Among the lines of the records below, copy those that hold the word "subseteq".

[Dataset — start]

lemma lin_span_lincomb:
  assumes "\<And>i. i \<in> I \<Longrightarrow> h i \<in> lin_span S"
  shows "(\<lambda>x. \<Sum>i\<in>I. c i * h i x) \<in> lin_span S"
proof -
  have "(\<lambda>x. \<Sum>i\<in>I. c i * h i x) = (\<Sum>i\<in>I. (\<lambda>x. c i * h i x))"
    by (simp add: fun_eq_iff sum_fun_apply)
  then show ?thesis
    using assms by (simp add: lin_span_eq_span fun_module.span_sum fun_module.span_scale)
qed

lemma finsupp_lincomb:
  assumes "finite I" "\<And>i. i \<in> I \<Longrightarrow> finsupp (h i)"
  shows "finsupp (\<lambda>x. \<Sum>i\<in>I. c i * h i x)"
proof -
  have "{x. (\<Sum>i\<in>I. c i * h i x) \<noteq> 0} \<subseteq> (\<Union>i\<in>I. {x. h i x \<noteq> 0})"
    by auto (metis (mono_tags, lifting) mult_zero_right sum.neutral)
  then show ?thesis
    using assms unfolding finsupp_def by (auto intro: finite_subset)
qed

lemma lin_span_finsupp: "(\<And>v. v \<in> S \<Longrightarrow> finsupp v) \<Longrightarrow> f \<in> lin_span S \<Longrightarrow> finsupp f"
  unfolding lin_span_def using finsupp_lincomb[where h = "\<lambda>v. v"] by blast

lemma M_in_grade: "M t \<in> grade (length (prog_comps t))"
  unfolding grade_def by (rule lin_span_base) (auto simp: Ycomp_eq)

lemma finsupp_grade: "f \<in> grade k \<Longrightarrow> finsupp f"
  unfolding grade_def by (rule lin_span_finsupp) (auto simp: finsupp_M)

lemma M_coeff_grade:
  assumes "f \<in> grade k" "s \<notin> Ycomp k"
  shows "M_coeff f s = 0"
proof -
  obtain A c where A: "A \<subseteq> {M t | t. t \<in> Ycomp k}" "f = (\<lambda>x. \<Sum>v\<in>A. c v * v x)"
    using assms(1) unfolding grade_def lin_span_def by blast
  have "M_coeff v s = 0" if "v \<in> A" for v
    using that A(1) assms(2) by (auto simp: M_coeff_M)
  then show ?thesis
    by (simp add: A(2) M_coeff_lincomb)
qed

lemma M_coeff_graded_sum:
  assumes "\<And>k. g k \<in> grade k" "finite K" "\<And>k. k \<notin> K \<Longrightarrow> g k = (\<lambda>_. 0)"
  shows "M_coeff (\<lambda>t. \<Sum>k\<in>K. g k t) s = M_coeff (g (length (prog_comps s))) s"
proof -
  let ?k = "length (prog_comps s)"
  have "M_coeff (\<lambda>t. \<Sum>k\<in>K. g k t) s = (\<Sum>k\<in>K. M_coeff (g k) s)"
    using M_coeff_lincomb[of "\<lambda>_. 1" g K] by simp
  also have "\<dots> = (\<Sum>k\<in>K. if k = ?k then M_coeff (g ?k) s else 0)"
    by (intro sum.cong) (auto simp: Ycomp_eq intro!: M_coeff_grade[OF assms(1)])
  also have "\<dots> = M_coeff (g ?k) s"
    using assms(2,3) M_coeff_lincomb[of _ _ "{}"] by auto
  finally show ?thesis .
qed

definition grade_part :: "(tree \<Rightarrow> rat) \<Rightarrow> nat \<Rightarrow> tree \<Rightarrow> rat" where
  "grade_part f k = (\<lambda>u. \<Sum>s\<in>{s. M_coeff f s \<noteq> 0} \<inter> Ycomp k. M_coeff f s * M s u)"

lemma grade_part_in_grade: "grade_part f k \<in> grade k"
  unfolding grade_part_def grade_def by (rule lin_span_lincomb) (auto intro: lin_span_base)

lemma M_coeff_grade_part:
  assumes "finsupp f"
  shows "M_coeff (grade_part f k) s = of_bool (s \<in> Ycomp k) * M_coeff f s"
  using finite_M_coeff_support[OF assms]
  by (simp add: grade_part_def M_coeff_lincomb M_coeff_M of_bool_def if_distrib sum.delta' cong: if_cong)

lemma finite_grade_part_support:
  assumes "finsupp f"
  shows "finite {k. grade_part f k \<noteq> (\<lambda>_. 0)}"
proof (rule finite_subset)
  show "{k. grade_part f k \<noteq> (\<lambda>_. 0)} \<subseteq> (\<lambda>s. length (prog_comps s)) ` {s. M_coeff f s \<noteq> 0}"
  proof
    fix k assume "k \<in> {k. grade_part f k \<noteq> (\<lambda>_. 0)}"
    moreover have "grade_part f k = (\<lambda>_. 0)" if "{s. M_coeff f s \<noteq> 0} \<inter> Ycomp k = {}"
      using that by (simp add: grade_part_def)
    ultimately obtain s where "M_coeff f s \<noteq> 0" "s \<in> Ycomp k"
      by blast
    then show "k \<in> (\<lambda>s. length (prog_comps s)) ` {s. M_coeff f s \<noteq> 0}"
      by (auto simp: Ycomp_eq)
  qed
  show "finite ((\<lambda>s. length (prog_comps s)) ` {s. M_coeff f s \<noteq> 0})"
    using finite_M_coeff_support[OF assms] by simp
qed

[Dataset — finish]

Task solution:
  have "{x. (\<Sum>i\<in>I. c i * h i x) \<noteq> 0} \<subseteq> (\<Union>i\<in>I. {x. h i x \<noteq> 0})"
  obtain A c where A: "A \<subseteq> {M t | t. t \<in> Ycomp k}" "f = (\<lambda>x. \<Sum>v\<in>A. c v * v x)"
  show "{k. grade_part f k \<noteq> (\<lambda>_. 0)} \<subseteq> (\<lambda>s. length (prog_comps s)) ` {s. M_coeff f s \<noteq> 0}"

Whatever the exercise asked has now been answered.